## What you need to do:
Please provide the entries below again, word for word.

## Provided data:
---------------

theorem lemma6p1:
  fixes r lam mu zp zm :: real and x :: "nat \<Rightarrow> nat \<Rightarrow> complex"
  assumes "r > 0" and "0 < lam" and "lam < mu" and "finite_matrix x"
  shows "(\<forall>\<^sub>F t in at_right 0.
            (\<lambda>(j, k). (cmod ((TL2 r lam mu zp zm t x j k - x j k) / complex_of_real t
                               - Lform r lam mu zp zm x j k))^2) summable_on UNIV)
       \<and> ((\<lambda>t. \<Sum>\<^sub>\<infinity>(j, k). (cmod ((TL2 r lam mu zp zm t x j k - x j k) / complex_of_real t
                               - Lform r lam mu zp zm x j k))^2) \<longlongrightarrow> 0) (at_right 0)"
proof -
  interpret finite_rank_generator r lam mu zp zm x
    using assms by unfold_locales
  show ?thesis
    by (rule summable_sq_tendsto_zero_of_linear_bound[OF norm_generator_error_le summable_error_bound_sq])
qed

end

---------------

## Your solution:
theorem lemma6p1:
  fixes r lam mu zp zm :: real and x :: "nat \<Rightarrow> nat \<Rightarrow> complex"
  assumes "r > 0" and "0 < lam" and "lam < mu" and "finite_matrix x"
  shows "(\<forall>\<^sub>F t in at_right 0.
            (\<lambda>(j, k). (cmod ((TL2 r lam mu zp zm t x j k - x j k) / complex_of_real t
                               - Lform r lam mu zp zm x j k))^2) summable_on UNIV)
       \<and> ((\<lambda>t. \<Sum>\<^sub>\<infinity>(j, k). (cmod ((TL2 r lam mu zp zm t x j k - x j k) / complex_of_real t
                               - Lform r lam mu zp zm x j k))^2) \<longlongrightarrow> 0) (at_right 0)"
proof -
  interpret finite_rank_generator r lam mu zp zm x
    using assms by unfold_locales
  show ?thesis
    by (rule summable_sq_tendsto_zero_of_linear_bound[OF norm_generator_error_le summable_error_bound_sq])
qed

end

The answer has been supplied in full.